Often, for binary disease state classification approaches using a
continuous diagnostic test measurement, the sensitivity and
specificity is summarized by Receiver Operating Characteristics
(ROC) curves according to Pepe et al., "Limitations of the Odds
Ratio in Gauging the Performance of a Diagnostic, Prognostic, or
Screening Marker," Am. J. Epidemiol 2004, 159 (9): 882-890, and
summarized by the Area Under the Curve (AUC) or c-statistic, an
indicator that allows representation of the sensitivity and
specificity of a test, assay, or method over the entire range of
test (or assay) cut points with just a single value. See also,
e.g., Shultz, "Clinical Interpretation of Laboratory Procedures,"
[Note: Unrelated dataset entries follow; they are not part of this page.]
(* Let $\mathbb{K}$ be a field and let $A\in\mathbb{K}[x]^{m\times n}$ have rank $r\ge 1$. Let $K\in\mathbb{K}[x]^{n\times(n-r)}$ be a right kernel basis of $A$, and let $R\in\mathbb{K}[x]^{r\times n}$ be a left kernel basis of $K$. Then $A$ and $R$ have the same pivot support: $\rho(A)=\rho(R)$.
   Context: A right kernel basis of $A\in\mathbb{K}[x]^{m\times n}$ of rank $r$ is a matrix in $\mathbb{K}[x]^{n\times(n-r)}$ whose columns form a basis of the $\mathbb{K}[x]$-module $\{v\in\mathbb{K}[x]^{n\times 1}: Av=0\}$; a left kernel basis of $K\in\mathbb{K}[x]^{n\times k}$ is a matrix whose rows form a basis of $\{p\in\mathbb{K}[x]^{1\times n}: pK=0\}$ (when $k=0$ this is all of $\mathbb{K}[x]^{1\times n}$). For a row vector $p=[p_1,\dots,p_n]$, $\deg(p)=\max_j\deg(p_j)$; the pivot index of a nonzero $p$ is the largest $j$ with $\deg(p_j)=\deg(p)$, and $p_j$ is its pivot entry. A matrix $P\in\mathbb{K}[x]^{k\times n}$ is in Popov form if it has no zero row, the pivot indices of its rows are strictly increasing, its pivot entries are monic, and in each column containing a pivot entry all other entries have degree strictly less than that pivot entry. The Popov form of a matrix $M$ of rank $r$ is the unique matrix in $\mathbb{K}[x]^{r\times n}$ in Popov form whose rows generate the same $\mathbb{K}[x]$-module as the rows of $M$. The pivot support $\rho(M)\in\mathbb{Z}_{>0}^r$ of $M$ is the tuple of pivot indices of the rows of its Popov form (the empty tuple if $r=0$). *)

theory Defs
  imports "Jordan_Normal_Form.DL_Rank" "HOL-Computational_Algebra.Polynomial"
    "HOL-Computational_Algebra.Fraction_Field"
begin

definition poly_mat_rank :: "'a::field poly mat \<Rightarrow> nat" where
  "poly_mat_rank A = vec_space.rank (dim_row A) (map_mat to_fract A)"

definition cols_basis_of :: "'a::field poly mat \<Rightarrow> 'a poly vec set \<Rightarrow> bool" where
  "cols_basis_of K M \<longleftrightarrow>
     (\<forall>c \<in> carrier_vec (dim_col K). K *\<^sub>v c \<in> M) \<and>
     (\<forall>v \<in> M. \<exists>!c. c \<in> carrier_vec (dim_col K) \<and> v = K *\<^sub>v c)"

definition rows_basis_of :: "'a::field poly mat \<Rightarrow> 'a poly vec set \<Rightarrow> bool" where
  "rows_basis_of R M \<longleftrightarrow>
     (\<forall>c \<in> carrier_vec (dim_row R). transpose_mat R *\<^sub>v c \<in> M) \<and>
     (\<forall>p \<in> M. \<exists>!c. c \<in> carrier_vec (dim_row R) \<and> p = transpose_mat R *\<^sub>v c)"

definition right_kernel :: "'a::field poly mat \<Rightarrow> 'a poly vec set" where
  "right_kernel A = {v \<in> carrier_vec (dim_col A). A *\<^sub>v v = 0\<^sub>v (dim_row A)}"

definition left_kernel :: "'a::field poly mat \<Rightarrow> 'a poly vec set" where
  "left_kernel K = {p \<in> carrier_vec (dim_row K). transpose_mat K *\<^sub>v p = 0\<^sub>v (dim_col K)}"

definition is_right_kernel_basis :: "'a::field poly mat \<Rightarrow> 'a poly mat \<Rightarrow> bool" where
  "is_right_kernel_basis A K \<longleftrightarrow>
     K \<in> carrier_mat (dim_col A) (dim_col A - poly_mat_rank A) \<and>
     cols_basis_of K (right_kernel A)"

definition is_left_kernel_basis :: "'a::field poly mat \<Rightarrow> 'a poly mat \<Rightarrow> bool" where
  "is_left_kernel_basis K R \<longleftrightarrow>
     dim_col R = dim_row K \<and> rows_basis_of R (left_kernel K)"

(* degree of a row vector; only meaningful for nonzero vectors
   (zero entries have degree -infinity and are ignored) *)
definition vec_deg :: "'a::zero poly vec \<Rightarrow> nat" where
  "vec_deg p = Max {degree (p $ j) | j. j < dim_vec p \<and> p $ j \<noteq> 0}"

(* pivot index (0-based): largest j with deg p_j = deg p *)
definition pivot_index :: "'a::zero poly vec \<Rightarrow> nat" where
  "pivot_index p = Max {j. j < dim_vec p \<and> p $ j \<noteq> 0 \<and> degree (p $ j) = vec_deg p}"

definition is_popov :: "'a::field poly mat \<Rightarrow> bool" where
  "is_popov P \<longleftrightarrow>
     (\<forall>i < dim_row P. row P i \<noteq> 0\<^sub>v (dim_col P)) \<and>
     (\<forall>i i'. i < i' \<and> i' < dim_row P \<longrightarrow> pivot_index (row P i) < pivot_index (row P i')) \<and>
     (\<forall>i < dim_row P. lead_coeff (P $$ (i, pivot_index (row P i))) = 1) \<and>
     (\<forall>i < dim_row P. \<forall>i' < dim_row P. i' \<noteq> i \<longrightarrow>
        P $$ (i', pivot_index (row P i)) = 0 \<or>
        degree (P $$ (i', pivot_index (row P i))) < degree (P $$ (i, pivot_index (row P i))))"

definition row_module :: "'a::field poly mat \<Rightarrow> 'a poly vec set" where
  "row_module M = {transpose_mat M *\<^sub>v c | c. c \<in> carrier_vec (dim_row M)}"

definition is_popov_form_of :: "'a::field poly mat \<Rightarrow> 'a poly mat \<Rightarrow> bool" where
  "is_popov_form_of M P \<longleftrightarrow>
     P \<in> carrier_mat (poly_mat_rank M) (dim_col M) \<and> is_popov P \<and>
     row_module P = row_module M"

definition popov_form :: "'a::field poly mat \<Rightarrow> 'a poly mat" where
  "popov_form M = (THE P. is_popov_form_of M P)"

(* pivot support, with 0-based column indices *)
definition pivot_support :: "'a::field poly mat \<Rightarrow> nat list" where
  "pivot_support M = map (\<lambda>i. pivot_index (row (popov_form M) i)) [0..<dim_row (popov_form M)]"

end

theory Submission
  imports Defs
begin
chapter 14 in Teitz, Fundamentals of Clinical Chemistry, Burtis and
Ashwood (eds.), 4th edition 1996, W. B. Saunders Company, pages
192-199; and Zweig et al., "ROC Curve Analysis: An Example Showing
the Relationships Among Serum Lipid and Apolipoprotein
Concentrations in Identifying Subjects with Coronory Artery
Disease," Clin. Chem., 1992, 38(8): 1425-1428. An alternative
approach using likelihood functions, BIC, odds ratios, information
theory, predictive values, calibration (including goodness-of-fit),
and reclassification measurements is summarized according to Cook,
"Use and Misuse of the Receiver Operating Characteristic Curve in
Risk Prediction," Circulation 2007, 115: 928-935.
[0065] A "normal" subject is a subject who is generally in good
health, has not been diagnosed with lupus, or one who is not
suffering from lupus, is asymptomatic for lupus, and lacks the
traditional laboratory risk factors for lupus.
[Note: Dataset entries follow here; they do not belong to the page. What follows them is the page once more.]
lemma walk_shortcut:
  "walk E A u ps v \<Longrightarrow> \<not> distinct (u # map snd ps) \<Longrightarrow>
   \<exists>ps'. walk E A u ps' v \<and> length ps' < length ps \<and> set ps' \<subseteq> set ps"
proof (induction rule: walk.induct)
  case (walk_Cons x u w ps v)
  show ?case
  proof (cases "distinct (w # map snd ps)")
    case True
    then have "u \<in> set (w # map snd ps)" using walk_Cons.prems by simp
    then obtain ps' where "walk E A u ps' v" "length ps' \<le> length ps" "set ps' \<subseteq> set ps"
      using walk_suffix[OF walk_Cons.hyps(2)] by blast
    then show ?thesis by (intro exI[of _ ps']) auto
  next
    case False
    then obtain ps' where "walk E A w ps' v" "length ps' < length ps" "set ps' \<subseteq> set ps"
      using walk_Cons.IH by blast
    then show ?thesis using walk_Cons.hyps(1) by (intro exI[of _ "(x, w) # ps'"]) (auto intro: walk.intros)
  qed
qed simp

lemma walk_distinct_subwalk:
  "walk E A u ps v \<Longrightarrow>
   \<exists>ps'. walk E A u ps' v \<and> distinct (u # map snd ps') \<and> length ps' \<le> length ps \<and> set ps' \<subseteq> set ps"
proof (induction "length ps" arbitrary: ps rule: less_induct)
  case (less ps)
  show ?case
  proof (cases "distinct (u # map snd ps)")
    case False
    then obtain ps' where "walk E A u ps' v" "length ps' < length ps" "set ps' \<subseteq> set ps"
      using walk_shortcut[OF less.prems] by blast
    with less.hyps show ?thesis by fastforce
  qed (use less.prems in blast)
qed

lemma mstep_in_vertices: "mixed_graph V E A \<Longrightarrow> mstep E A x a b \<Longrightarrow> b \<in> V"
  by (cases x) (auto simp: mstep_def mixed_graph_def)

lemma walk_in_vertices:
  "walk E A u ps v \<Longrightarrow> mixed_graph V E A \<Longrightarrow> u \<in> V \<Longrightarrow> set (u # map snd ps) \<subseteq> V"
  by (induction rule: walk.induct) (auto dest: mstep_in_vertices)

lemma mixed_cycle_of_walk:
  assumes "mixed_graph V E A" "walk E A v ps u" "distinct (v # map snd ps)" "v \<in> V"
    and "mstep E A e u v" "e \<notin> fst ` set ps"
  shows "mixed_cycle V E A (v # map snd ps) (map fst ps @ [e])"
proof -
  let ?vs = "v # map snd ps"
  have last_vertex: "?vs ! length ps = u"
    using walk_last[OF assms(2)] last_conv_nth[of ?vs] by simp
  have "mstep E A ((map fst ps @ [e]) ! i) (?vs ! i) (?vs ! ((i + 1) mod length ?vs))"
    if "i < length ?vs" for i
  proof (cases "i < length ps")
    case True
    then show ?thesis using walk_nth_step[OF assms(2) True] by (simp add: nth_append)
  next
    case False
    with that have "i = length ps" by simp
    then show ?thesis using last_vertex assms(5) by (simp add: nth_append)
  qed
  moreover have "distinct (map fst ps @ [e])"
    using walk_distinct_elements[OF assms(2,3)] assms(6) by auto
  ultimately show ?thesis
    unfolding mixed_cycle_def using assms(3) walk_in_vertices[OF assms(2,1,4)] by simp
qed

lemma walk_edge_endpoints:
  "walk E A u ps v \<Longrightarrow> Inl e \<in> fst ` set ps \<Longrightarrow> e \<subseteq> set (u # map snd ps)"
proof -
  assume walk: "walk E A u ps v" and "Inl e \<in> fst ` set ps"
  then obtain c where c: "(Inl e, c) \<in> set ps" by force
  then obtain a where "a \<in> set (u # map snd ps)" "mstep E A (Inl e) a c"
    using walk_element_step[OF walk] by blast
  moreover have "c \<in> set (u # map snd ps)" using c by force
  ultimately show ?thesis by (auto simp: mstep_def)
qed

lemma edge_walk_rev:
  "walk E A u ps v \<Longrightarrow> \<forall>p\<in>set ps. isl (fst p) \<Longrightarrow>
   \<exists>qs. walk E A v qs u \<and> length qs = length ps \<and> fst ` set qs = fst ` set ps"
proof (induction rule: walk.induct)
  case (walk_Cons x u w ps v)
  obtain qs where qs: "walk E A v qs w" "length qs = length ps" "fst ` set qs = fst ` set ps"
    using walk_Cons.IH walk_Cons.prems by auto
  have "mstep E A x w u"
    using walk_Cons.hyps(1) walk_Cons.prems by (cases x) (auto simp: mstep_def insert_commute)
  with qs show ?case by (intro exI[of _ "qs @ [(x, u)]"]) (auto intro: walk_snoc)
qed (use walk_Nil in fastforce)

fun edge_reach :: "'a set set \<Rightarrow> 'a \<Rightarrow> 'a \<Rightarrow> nat \<Rightarrow> bool" where
  "edge_reach E x y 0 \<longleftrightarrow> y = x"
| "edge_reach E x y (Suc n) \<longleftrightarrow> (\<exists>w. edge_reach E x w n \<and> {w, y} \<in> E)"

lemma edge_reach_walk:
  "edge_reach E x y n \<Longrightarrow>
   \<exists>ps. walk E A x ps y \<and> length ps = n \<and> (\<forall>p\<in>set ps. isl (fst p)) \<and>
        (\<forall>z\<in>set (x # map snd ps). z = y \<or> (\<exists>k<n. edge_reach E x z k))"
proof (induction n arbitrary: y)
  case 0
  then show ?case by (auto intro: walk.intros)
next
  case (Suc n)
  then obtain w where w: "edge_reach E x w n" "{w, y} \<in> E" by auto
  then obtain ps where ps: "walk E A x ps w" "length ps = n" "\<forall>p\<in>set ps. isl (fst p)"
    "\<forall>z\<in>set (x # map snd ps). z = w \<or> (\<exists>k<n. edge_reach E x z k)"
    using Suc.IH by blast
  have "walk E A x (ps @ [(Inl {w, y}, y)]) y"
    using ps(1) w(2) by (auto intro: walk_snoc simp: mstep_def)
  moreover have "\<forall>z\<in>set (x # map snd ps). \<exists>k<Suc n. edge_reach E x z k"
    using ps(4) w(1) by (metis lessI less_SucI)
  ultimately show ?case using ps(2,3) by (intro exI[of _ "ps @ [(Inl {w, y}, y)]"]) auto
qed

lemma edge_in_vertices: "mixed_graph V E A \<Longrightarrow> {a, b} \<in> E \<Longrightarrow> a \<in> V \<and> b \<in> V"
  unfolding mixed_graph_def by blast

lemma edge_neq:
  assumes "mixed_graph V E A" "{a, b} \<in> E"
  shows "a \<noteq> b"
proof
  assume "a = b"
  moreover have "card {a, b} = 2" using assms unfolding mixed_graph_def by blast
  ultimately show False by simp
qed

lemma arc_in_vertices: "mixed_graph V E A \<Longrightarrow> (u, v) \<in> A \<Longrightarrow> u \<in> V \<and> v \<in> V"
  unfolding mixed_graph_def by blast

lemma edge_reach_in_vertices:
  assumes "mixed_graph V E A" "x \<in> V"
  shows "edge_reach E x y n \<Longrightarrow> y \<in> V"
proof (induction n arbitrary: y)
  case (Suc n)
  then obtain w where "{w, y} \<in> E" by auto
  then show ?case using edge_in_vertices[OF assms(1)] by blast
qed (simp add: assms(2))

definition neighbours :: "'a set set \<Rightarrow> 'a \<Rightarrow> 'a set" where
  "neighbours E y = {w. {y, w} \<in> E}"

definition edge_ball :: "'a set set \<Rightarrow> 'a \<Rightarrow> nat \<Rightarrow> 'a set" where
  "edge_ball E x \<rho> = {y. \<exists>k\<le>\<rho>. edge_reach E x y k}"

definition edge_sphere :: "'a set set \<Rightarrow> 'a \<Rightarrow> nat \<Rightarrow> 'a set" where
  "edge_sphere E x \<rho> = {y. edge_reach E x y \<rho> \<and> (\<forall>k<\<rho>. \<not> edge_reach E x y k)}"

lemma edge_ball_0: "edge_ball E x 0 = {x}"
  by (simp add: edge_ball_def)

lemma edge_ball_Suc: "edge_ball E x (Suc \<rho>) = edge_ball E x \<rho> \<union> edge_sphere E x (Suc \<rho>)"
  unfolding edge_ball_def edge_sphere_def
  by (auto simp del: edge_reach.simps simp: le_Suc_eq less_Suc_eq_le)

lemma edge_ball_Int_edge_sphere_Suc: "edge_ball E x \<rho> \<inter> edge_sphere E x (Suc \<rho>) = {}"
  unfolding edge_ball_def edge_sphere_def by (auto simp del: edge_reach.simps)

lemma edge_sphere_subset_edge_ball: "edge_sphere E x \<rho> \<subseteq> edge_ball E x \<rho>"
  unfolding edge_ball_def edge_sphere_def by blast

lemma edge_sphere_1:
  assumes "mixed_graph V E A"
  shows "edge_sphere E x 1 = neighbours E x"
proof -
  have "{x, y} \<in> E \<Longrightarrow> y \<noteq> x" for y using edge_neq[OF assms] by blast
  then show ?thesis unfolding edge_sphere_def neighbours_def by auto
qed

lemma edge_sphere_SucI:
  "y \<in> edge_sphere E x \<rho> \<Longrightarrow> w \<in> neighbours E y \<Longrightarrow> w \<notin> edge_ball E x \<rho> \<Longrightarrow>
   w \<in> edge_sphere E x (Suc \<rho>)"
  unfolding edge_sphere_def edge_ball_def neighbours_def by (auto simp: less_Suc_eq_le)

lemma edge_ball_subset_vertices:
  assumes "mixed_graph V E A" "x \<in> V"
  shows "edge_ball E x \<rho> \<subseteq> V"
  unfolding edge_ball_def using edge_reach_in_vertices[OF assms] by blast

lemma neighbours_subset_vertices:
  assumes "mixed_graph V E A"
  shows "neighbours E y \<subseteq> V"
  unfolding neighbours_def using edge_in_vertices[OF assms] by blast

lemma card_neighbours:
  assumes "mixed_graph V E A"
  shows "card (neighbours E y) = card {e\<in>E. y \<in> e}"
proof (rule bij_betw_same_card)
  have "e \<in> (\<lambda>w. {y, w}) ` neighbours E y" if "e \<in> E" "y \<in> e" for e
  proof -
    have "card e = 2" using assms that(1) unfolding mixed_graph_def by blast
    then obtain a b where "e = {a, b}" by (auto simp: card_2_iff)
    with that(2) have "e = {y, if a = y then b else a}" by auto
    with that(1) show ?thesis unfolding neighbours_def by auto
  qed
  then show "bij_betw (\<lambda>w. {y, w}) (neighbours E y) {e\<in>E. y \<in> e}"
    unfolding bij_betw_def inj_on_def neighbours_def by (auto simp: doubleton_eq_iff)
qed

definition moore_bound :: "nat \<Rightarrow> nat \<Rightarrow> nat" where
  "moore_bound r \<rho> = 1 + (\<Sum>i<\<rho>. r * (r - 1) ^ i)"

lemma sum_lessThan_add: "(\<Sum>j<m + n. h j) = (\<Sum>j<m. h j) + (\<Sum>j<n. h (m + j))"
  for h :: "nat \<Rightarrow> 'b::comm_monoid_add"
  by (induction n) (simp_all add: add.assoc)

lemma sum_min_dist_to_ends_even:
  "(\<Sum>j<2 * k. f (min j (2 * k - 1 - j))) = 2 * (\<Sum>j<k. f j)"
  for f :: "nat \<Rightarrow> 'b::comm_semiring_1"
proof -
  let ?h = "\<lambda>j. f (min j (2 * k - 1 - j))"
  have "(\<Sum>j<2 * k. ?h j) = (\<Sum>j<k. ?h j) + (\<Sum>j<k. ?h (k + j))"
    using sum_lessThan_add[of ?h k k] by (simp add: mult_2)
  also have "(\<Sum>j<k. ?h j) = (\<Sum>j<k. f j)"
    by (rule sum.cong) (auto simp: min_def)
  also have "(\<Sum>j<k. ?h (k + j)) = (\<Sum>j<k. f (k - Suc j))"
    by (rule sum.cong) (auto simp: min_def)
  also have "\<dots> = (\<Sum>j<k. f j)" by (rule sum.nat_diff_reindex)
  finally show ?thesis by (simp add: mult_2)
qed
[0066] A "normative" condition of a subject to whom a composition
is to be administered means the condition of a subject before
administration, even if the subject happens to be suffering from a
disease.
[0067] A "panel" of genes is a set of genes including at least two
constituents.
[0068] A "population of cells" refers to any group of cells wherein
there is an underlying commonality or relationship between the
members in the population of cells, including a group of cells
taken from an organism or from a culture of cells or from a biopsy,
for example.
[0069] "Positive predictive value" or "PPV" is calculated by
TP/(TP+FP) or the true positive fraction of all positive test
results. It is inherently impacted by the prevalence of the disease
and pre-test probability of the population intended to be
tested.
[0070] "Risk" in the context of the present invention, relates to
the probability that an event will occur over a specific time
period, and can mean a subject's "absolute" risk or "relative"
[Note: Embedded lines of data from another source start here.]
(* Let $\Omega\subset\mathbb{R}^n$ be a bounded domain with the uniform $C^1$-regularity property, $f\in L^3(\Omega)$, $S_b\in W^{1/3,3/2}(\partial\Omega)$, $\alpha,\beta\in L^\infty(\Omega)$ with $0<\underline{\alpha}\le\alpha\le\overline{\alpha}<\infty$, $0<\underline{\beta}\le\beta\le\overline{\beta}<\infty$ a.e., $V=W^3(\mathrm{div};\Omega)$, $Q=L^{3/2}(\Omega)$. For $\varepsilon>0$ let $(\mathbf{m}_\varepsilon,S_\varepsilon)\in V\times Q$ be the unique solution of $$\int_\Omega(\alpha+\beta|\mathbf{m}_\varepsilon|)(\mathbf{m}_\varepsilon\cdot\mathbf{v})\,d\mathbf{x}+\varepsilon\int_\Omega|\mathrm{div}\,\mathbf{m}_\varepsilon|\,\mathrm{div}\,\mathbf{m}_\varepsilon\,\mathrm{div}\,\mathbf{v}\,d\mathbf{x}-\int_\Omega\mathrm{div}(\mathbf{v})\,S_\varepsilon\,d\mathbf{x}=-\int_{\partial\Omega}S_b(\mathbf{v}\cdot\mathbf{n})\,d\sigma\quad\forall\mathbf{v}\in V,$$ $$\varepsilon\int_\Omega\frac{S_\varepsilon}{\sqrt{|S_\varepsilon|}}\,q\,d\mathbf{x}+\int_\Omega\mathrm{div}(\mathbf{m}_\varepsilon)\,q\,d\mathbf{x}=\int_\Omega f\,q\,d\mathbf{x}\quad\forall q\in Q.$$ Then there exist constants $\mathcal{K}_{\mathbf{m}},\mathcal{K}_S$, independent of $\varepsilon$, such that for all sufficiently small $\varepsilon>0$: $\|\mathbf{m}_\varepsilon\|_V\le\mathcal{K}_{\mathbf{m}}$ and $\|S_\varepsilon\|_Q\le\mathcal{K}_S$.
   Context: $W^3(\mathrm{div};\Omega):=\{\mathbf{v}\in(L^3(\Omega))^n:\mathrm{div}(\mathbf{v})\in L^3(\Omega)\}$ with norm $\|\mathbf{v}\|_V=(\|\mathbf{v}\|_{L^3}^3+\|\mathrm{div}\,\mathbf{v}\|_{L^3}^3)^{1/3}$; $\|\cdot\|_Q$ is the $L^{3/2}$ norm. The normal trace $\mathbf{v}\cdot\mathbf{n}$ lies in $(W^{1/3,3/2}(\partial\Omega))'$ and the boundary integral denotes the duality pairing. $p/\sqrt{|p|}:=0$ where $p=0$. *)

theory Defs
  imports "HOL-Analysis.Analysis"
begin
lemma finite_signed_lists: "finite (signed_lists n)"
proof (rule finite_subset)
  show "signed_lists n \<subseteq> {xs. set xs \<subseteq> {-int n..int n} \<and> length xs = n}"
    using signed_lists_abs_bounds by (fastforce simp: signed_lists_def abs_le_iff)
qed (simp add: finite_lists_length_eq)

lemma insert_at_in_signed_lists:
  assumes "zs \<in> signed_lists n" "\<bar>x\<bar> = int n + 1"
  shows "insert_at p x zs \<in> signed_lists (Suc n)"
  using assms by (auto simp: signed_lists_def map_insert_at)

lemma signed_lists_Suc_cases:
  assumes "ys \<in> signed_lists (Suc n)"
  obtains zs p s where "zs \<in> signed_lists n" "p \<le> n" "s \<in> {1, -1}" "ys = insert_at p (s * (int n + 1)) zs"
proof -
  have l: "length ys = Suc n" and d: "distinct (map abs ys)" and st: "set (map abs ys) = {1..int n + 1}"
    using assms by (auto simp: signed_lists_def)
  have "int n + 1 \<in> set (map abs ys)"
    using st by simp
  then obtain p where p: "p \<le> n" "\<bar>ys!p\<bar> = int n + 1"
    using l by (auto simp: in_set_conv_nth less_Suc_eq_le)
  define zs where "zs = take p ys @ drop (Suc p) ys"
  have ys: "ys = insert_at p (ys!p) zs"
    using p l by (simp add: zs_def insert_at_remove)
  then have "map abs ys = insert_at p (int n + 1) (map abs zs)"
    using p(2) map_insert_at[of abs p "ys!p" zs] by simp
  then have "distinct (map abs zs)" "int n + 1 \<notin> set (map abs zs)"
    "insert (int n + 1) (set (map abs zs)) = {1..int n + 1}"
    using d st by auto
  then have "set (map abs zs) = {1..int n + 1} - {int n + 1}"
    by blast
  also have "\<dots> = {1..int n}"
    by auto
  moreover have "length zs = n"
    using l p by (simp add: zs_def)
  ultimately have "zs \<in> signed_lists n"
    using \<open>distinct (map abs zs)\<close> by (simp add: signed_lists_def)
  moreover have "ys!p = sgn (ys!p) * (int n + 1)"
    using p(2) sgn_mult_abs[of "ys!p"] by simp
  moreover have "sgn (ys!p) \<in> {1, -1}"
    using p(2) by (auto simp: sgn_if)
  ultimately show thesis
    using that p(1) ys by metis
qed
risk. Absolute risk can be measured with reference to either actual
observation post-measurement for the relevant time cohort, or with
reference to index values developed from statistically valid
historical cohorts that have been followed for the relevant time
period. Relative risk refers to the ratio of absolute risks of a
subject compared either to the absolute risks of lower risk
cohorts, across population divisions (such as tertiles, quartiles,
quintiles, or deciles, etc.) or an average population risk, which
can vary by how clinical risk factors are assessed. Odds ratios,
the proportion of positive events to negative events for a given
test result, are also commonly used (odds are according to the
formula p/(1-p) where p is the probability of event and (1-p) is
the probability of no event) to no-conversion.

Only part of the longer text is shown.